Savings Tax (ripping off savers)

The International Monetary Fund published a working paper [http://www.imf.org/external/pubs/cat/longres.aspx?sk=41173.0] on the Sovereign Debt Crisis.

A non-trivial paper [http://www.imf.org/external/pubs/ft/wp/2013/wp13266.pdf] that actually makes very scary reading.

Recall in 2013, during the Cypriot Banking Crisis, where people with over €100,000 on deposits last substantial savings, (the term haircut) was used. They lost over 40% of their money from savings above €100,000. It is effectively ripping off savers.

Or to be polite, an enforced deduction, effectively a savings tax on the ones who have saved hard.

The IMF paper is referring to a similar way for governments to pay back these massive debts that they have taken on since 1997 when  the financial crisis began

By reading this one cane make some deductions:

The sheer size of the Western debt pile is just so vast that wealthier countries will need  haircuts, and with higher inflation and financial repression which really means a tax on diligent savers. This has been used in countless IMF rescues for emerging markets.

It seems that savers are getting a bad deal in general.
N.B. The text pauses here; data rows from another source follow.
(* Let $n,d,d_k$ be positive integers, $X\in\mathbb{R}^{n\times d}$, $W_Q,W_K\in\mathbb{R}^{d\times d_k}$, $E\in\mathbb{R}^{n\times n}$, and let $P\in\mathbb{R}^{d\times d}$ be an orthogonal projector. Put $B=W_QW_K^\top$, $X_P=XP$, $G_Q=X^\top E X W_K/\sqrt{d_k}$, $G_K=X^\top E^\top X W_Q/\sqrt{d_k}$, and for $\eta_Q,\eta_K\ge0$ let $B^+=(W_Q-\eta_QG_Q)(W_K-\eta_KG_K)^\top$ and $\Delta Z_P=X_P P(B^+-B)P X_P^\top/\sqrt{d_k}$. Suppose there are constants $\lambda_Q,\lambda_K\ge0$ such that $$\|XW_SW_S^\top P\|_F\le\lambda_S\|X_P\|_F\|W_S\|_{\mathrm{op}}^2,\qquad S\in\{Q,K\}.$$ Then $$\|\Delta Z_P\|_F\le\frac{\|X_P\|_{\mathrm{op}}^2\|X_P\|_F^2\|E\|_{\mathrm{op}}}{d_k}\Big(\eta_Q\lambda_K\|W_K\|_{\mathrm{op}}^2+\eta_K\lambda_Q\|W_Q\|_{\mathrm{op}}^2\Big)+R_2,$$ where $R_2=\eta_Q\eta_K\|X_P\|_{\mathrm{op}}^2\|X_P\|_F^2\|E\|_{\mathrm{op}}^2\|XW_K\|_F\|XW_Q\|_F/d_k^{3/2}$. In particular (using $\|X_P\|_{\mathrm{op}}\le\|X_P\|_F$), the first-order part of $\|\Delta Z_P\|_F$ is at most $\frac{\|X_P\|_F^4\|E\|_{\mathrm{op}}}{d_k}\big(\eta_Q\lambda_K\|W_K\|_{\mathrm{op}}^2+\eta_K\lambda_Q\|W_Q\|_{\mathrm{op}}^2\big)$.
   Context: $\|\cdot\|_F$ is the Frobenius norm, $\|\cdot\|_{\mathrm{op}}$ the spectral norm; an orthogonal projector satisfies $P=P^\top=P^2$. *)

theory Defs
  imports "HOL-Analysis.Analysis"
begin

definition frob_norm :: "real^'n^'m \<Rightarrow> real" where
  "frob_norm A = sqrt (\<Sum>i\<in>UNIV. \<Sum>j\<in>UNIV. (A $ i $ j)\<^sup>2)"

definition op_norm :: "real^'n^'m \<Rightarrow> real" where
  "op_norm A = onorm (\<lambda>x. A *v x)"

definition orth_projector :: "real^'n^'n \<Rightarrow> bool" where
  "orth_projector P \<longleftrightarrow> transpose P = P \<and> P ** P = P"

end

theory Submission
  imports Defs
begin

(* Since P is an orthogonal projector, X_P P = X_P and X_P X^T = X_P X_P^T. Expanding
   B^+ - B bilinearly therefore writes sqrt(d_k) Delta Z_P as a b T3 - a T1 - b T2, with
   a = eta_Q / sqrt(d_k), b = eta_K / sqrt(d_k) and
     T1 = X_P X_P^T E (X W_K W_K^T P) X_P^T,
     T2 = X_P (X W_Q W_Q^T P)^T E X_P X_P^T,
     T3 = X_P X_P^T E (X W_K) (X W_Q)^T E X_P X_P^T.
   Each term is bounded by |L M R|_F <= |L|_op |M|_F |R|_op with the Frobenius norm on the
   middle factor: the alignment hypotheses control the middle factors of T1 and T2, and
   |(X W_K)(X W_Q)^T|_F <= |X W_K|_F |X W_Q|_F that of T3. The resulting powers |X_P|_op^3 and
   |X_P|_op^4 are finally weakened to |X_P|_op^2 |X_P|_F^2. *)

lemma frob_norm_eq_norm: "frob_norm A = norm A"
  unfolding frob_norm_def norm_eq_sqrt_inner inner_vec_def by (simp add: power2_eq_square)

lemma norm_transpose: "norm (transpose (A :: real^'n^'m)) = norm A"
  unfolding frob_norm_eq_norm[symmetric] frob_norm_def transpose_def
  by (subst sum.swap) simp

lemma power2_norm_vec:
  "(norm (x :: 'a::real_normed_vector^'n))\<^sup>2 = (\<Sum>i\<in>UNIV. (norm (x $ i))\<^sup>2)"
  by (simp add: norm_vec_def L2_set_def sum_nonneg)

lemma op_norm_nonneg: "0 \<le> op_norm A"
  unfolding op_norm_def by (rule onorm_pos_le) simp

lemma norm_matrix_vector_mult_le: "norm (A *v x) \<le> op_norm A * norm x"
  unfolding op_norm_def by (rule onorm) simp

lemma op_norm_le_norm: "op_norm (A :: real^'n^'m) \<le> norm A"
  unfolding op_norm_def
proof (rule onorm_le)
  fix x :: "real^'n"
  have "(norm (A *v x))\<^sup>2 = (\<Sum>i\<in>UNIV. (A $ i \<bullet> x)\<^sup>2)"
    by (simp add: power2_norm_vec matrix_vector_mul_component)
  also have "\<dots> \<le> (\<Sum>i\<in>UNIV. (norm (A $ i) * norm x)\<^sup>2)"
    by (intro sum_mono) (simp add: abs_le_square_iff[symmetric] Cauchy_Schwarz_ineq2)
  also have "\<dots> = (norm A * norm x)\<^sup>2"
    by (simp add: power2_norm_vec[of A] power_mult_distrib sum_distrib_right)
  finally show "norm (A *v x) \<le> norm A * norm x"
    by (rule power2_le_imp_le) simp
qed

lemma norm_matrix_mult_le_op_norm_left:
  "norm ((A :: real^'n^'m) ** (B :: real^'p^'n)) \<le> op_norm A * norm B"
proof -
  have column: "transpose (A ** B) $ j = A *v (transpose B $ j)" for j
    by (simp add: transpose_def matrix_matrix_mult_def matrix_vector_mult_def vec_eq_iff mult.commute)
  have "(norm (A ** B))\<^sup>2 = (norm (transpose (A ** B)))\<^sup>2"
    by (simp only: norm_transpose)
  also have "\<dots> = (\<Sum>j\<in>UNIV. (norm (A *v (transpose B $ j)))\<^sup>2)"
    by (simp only: power2_norm_vec column)
  also have "\<dots> \<le> (\<Sum>j\<in>UNIV. (op_norm A * norm (transpose B $ j))\<^sup>2)"
    by (intro sum_mono power_mono norm_matrix_vector_mult_le) simp
  also have "\<dots> = (op_norm A * norm B)\<^sup>2"
    by (simp only: power_mult_distrib sum_distrib_left[symmetric] power2_norm_vec[symmetric]
        norm_transpose)
  finally show ?thesis
    by (rule power2_le_imp_le) (simp add: op_norm_nonneg)
qed

lemma op_norm_transpose_le: "op_norm (transpose (A :: real^'n^'m)) \<le> op_norm A"
  unfolding op_norm_def[of "transpose A"]
proof (rule onorm_le)
  fix y :: "real^'m"
  let ?z = "transpose A *v y"
  have "(norm ?z)\<^sup>2 = y \<bullet> (A *v ?z)"
    by (simp add: power2_norm_eq_inner dot_lmul_matrix)
  also have "\<dots> \<le> norm y * norm (A *v ?z)"
    by (rule norm_cauchy_schwarz)
  also have "\<dots> \<le> norm y * (op_norm A * norm ?z)"
    by (intro mult_left_mono norm_matrix_vector_mult_le norm_ge_zero)
  finally have "norm ?z * norm ?z \<le> (op_norm A * norm y) * norm ?z"
    by (simp add: power2_eq_square mult_ac)
  then show "norm ?z \<le> op_norm A * norm y"
    using op_norm_nonneg[of A]
    by (cases "norm ?z = 0") (auto dest: mult_right_le_imp_le)
qed

lemma op_norm_transpose: "op_norm (transpose (A :: real^'n^'m)) = op_norm A"
  by (metis op_norm_transpose_le transpose_transpose order_antisym)

lemma norm_matrix_mult_le_op_norm_right:
  "norm ((A :: real^'n^'m) ** (B :: real^'p^'n)) \<le> norm A * op_norm B"
  using norm_matrix_mult_le_op_norm_left[of "transpose B" "transpose A"]
  by (simp add: matrix_transpose_mul[symmetric] norm_transpose op_norm_transpose mult.commute)

lemma norm_matrix_mult_le: "norm ((A :: real^'n^'m) ** (B :: real^'p^'n)) \<le> norm A * norm B"
  by (meson norm_matrix_mult_le_op_norm_right op_norm_le_norm mult_left_mono norm_ge_zero order_trans)

lemma op_norm_matrix_mult_le:
  "op_norm ((A :: real^'n^'m) ** (B :: real^'p^'n)) \<le> op_norm A * op_norm B"
proof -
  have "(\<lambda>x. (A ** B) *v x) = (\<lambda>x. A *v x) \<circ> (\<lambda>x. B *v x)"
    by (simp add: o_def matrix_vector_mul_assoc)
  then show ?thesis
    unfolding op_norm_def by (metis onorm_compose matrix_vector_mul_bounded_linear)
qed

lemma norm_sandwich_le:
  "norm ((L :: real^'n^'m) ** (M :: real^'p^'n) ** (R :: real^'q^'p))
    \<le> op_norm L * norm M * op_norm R"
  by (meson norm_matrix_mult_le_op_norm_left norm_matrix_mult_le_op_norm_right
      mult_right_mono op_norm_nonneg order_trans)

lemma matrix_diff_ldistrib: "(A :: 'a::ring_1^'n^'m) ** (B - C) = A ** B - A ** C"
  by (simp add: matrix_matrix_mult_def vec_eq_iff sum_subtractf algebra_simps)

lemma matrix_diff_rdistrib: "((A :: 'a::ring_1^'n^'m) - B) ** C = A ** C - B ** C"
  by (simp add: matrix_matrix_mult_def vec_eq_iff sum_subtractf algebra_simps)

lemma transpose_diff: "transpose (A - B) = transpose A - transpose B"
  by (simp add: transpose_def vec_eq_iff)

lemma matrix_mult_transpose_update:
  fixes W G :: "real^'k^'m" and V H :: "real^'k^'n"
  shows "(W - a *\<^sub>R G) ** transpose (V - b *\<^sub>R H) - W ** transpose V
    = (a * b) *\<^sub>R (G ** transpose H) - a *\<^sub>R (G ** transpose V) - b *\<^sub>R (W ** transpose H)"
  by (simp add: transpose_diff transpose_scalar matrix_diff_ldistrib matrix_diff_rdistrib
      matrix_scalar_ac scalar_matrix_assoc[symmetric] algebra_simps)

lemma orth_projector_mult_absorb:
  assumes "orth_projector P"
  shows "A ** P ** P = A ** P" and "P ** transpose (X ** P) = transpose (X ** P)"
  using assms unfolding orth_projector_def
  by (metis matrix_mul_assoc, metis matrix_mul_assoc matrix_transpose_mul)

(* For a = eta_Q / sqrt(d_k) and b = eta_K / sqrt(d_k) this is sqrt(d_k) Delta Z_P. *)
definition projected_score_update ::
    "real^'d^'n \<Rightarrow> real^'n^'n \<Rightarrow> real^'d^'d \<Rightarrow> real^'k^'d \<Rightarrow> real^'k^'d \<Rightarrow> real \<Rightarrow> real
      \<Rightarrow> real^'n^'n" where
  "projected_score_update X E P WQ WK a b =
    (X ** P) ** P ** ((WQ - a *\<^sub>R (transpose X ** E ** X ** WK))
      ** transpose (WK - b *\<^sub>R (transpose X ** transpose E ** X ** WQ)) - WQ ** transpose WK)
      ** P ** transpose (X ** P)"

lemma projected_score_update_eq:
  fixes X :: "real^'d^'n" and WQ WK :: "real^'k^'d" and E :: "real^'n^'n"
  assumes "orth_projector P"
  defines "XP \<equiv> X ** P"
  shows "projected_score_update X E P WQ WK a b
    = (a * b) *\<^sub>R (XP ** transpose XP ** E ** (X ** WK) ** transpose (X ** WQ) ** E ** XP ** transpose XP)
      - a *\<^sub>R (XP ** transpose XP ** E ** (X ** WK ** transpose WK ** P) ** transpose XP)
      - b *\<^sub>R (XP ** transpose (X ** WQ ** transpose WQ ** P) ** E ** XP ** transpose XP)"
proof -
  have "XP ** P ** D ** P ** transpose XP = XP ** D ** transpose XP" for D :: "real^'d^'d"
    using orth_projector_mult_absorb[OF assms(1)] by (metis XP_def matrix_mul_assoc)
  moreover have "transpose P = P"
    using assms(1) by (simp add: orth_projector_def)
  ultimately show ?thesis
    unfolding projected_score_update_def matrix_mult_transpose_update XP_def
    by (simp add: matrix_diff_ldistrib matrix_diff_rdistrib matrix_scalar_ac
        scalar_matrix_assoc[symmetric] matrix_transpose_mul matrix_mul_assoc
        orth_projector_mult_absorb(1)[OF assms(1)])
qed

lemma op_norm_gram_mult_le:
  "op_norm ((A :: real^'d^'n) ** transpose A ** (E :: real^'m^'n)) \<le> (op_norm A)\<^sup>2 * op_norm E"
proof -
  have "op_norm (A ** transpose A) \<le> (op_norm A)\<^sup>2"
    using op_norm_matrix_mult_le[of A "transpose A"] by (simp add: op_norm_transpose power2_eq_square)
  then show ?thesis
    by (meson op_norm_matrix_mult_le mult_right_mono op_norm_nonneg order_trans)
qed

lemma norm_query_step_term_le:
  fixes A M :: "real^'d^'n" and E :: "real^'n^'n"
  shows "norm (A ** transpose A ** E ** M ** transpose A) \<le> (op_norm A)^3 * op_norm E * norm M"
proof -
  have "norm (A ** transpose A ** E ** M ** transpose A)
      \<le> op_norm (A ** transpose A ** E) * norm M * op_norm (transpose A)"
    by (rule norm_sandwich_le)
  also have "\<dots> \<le> ((op_norm A)\<^sup>2 * op_norm E) * norm M * op_norm A"
    by (simp add: op_norm_transpose mult_right_mono op_norm_gram_mult_le op_norm_nonneg)
  finally show ?thesis
    by (simp add: power2_eq_square power3_eq_cube mult_ac)
qed

lemma norm_key_step_term_le:
  fixes A M :: "real^'d^'n" and E :: "real^'n^'n"
  shows "norm (A ** transpose M ** E ** A ** transpose A) \<le> (op_norm A)^3 * op_norm E * norm M"
proof -
  have "transpose (A ** transpose M ** E ** A ** transpose A)
      = A ** transpose A ** transpose E ** M ** transpose A"
    by (simp add: matrix_transpose_mul matrix_mul_assoc)
  then show ?thesis
    using norm_query_step_term_le[of A "transpose E" M] by (metis norm_transpose op_norm_transpose)
qed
With Quantative Easing it is savers who are being punished, with near zero interest rates with their money on instant access deposit.

If one looks at what happened in Cyprus, then savers were effectively ripped off by having their life savings taken if they had over €100,000. Anything over €100,000 was effectively taxed at over 40%.

There is something very wrong with what has happened, and the school of thought of taxing people for saving is a worrying thought.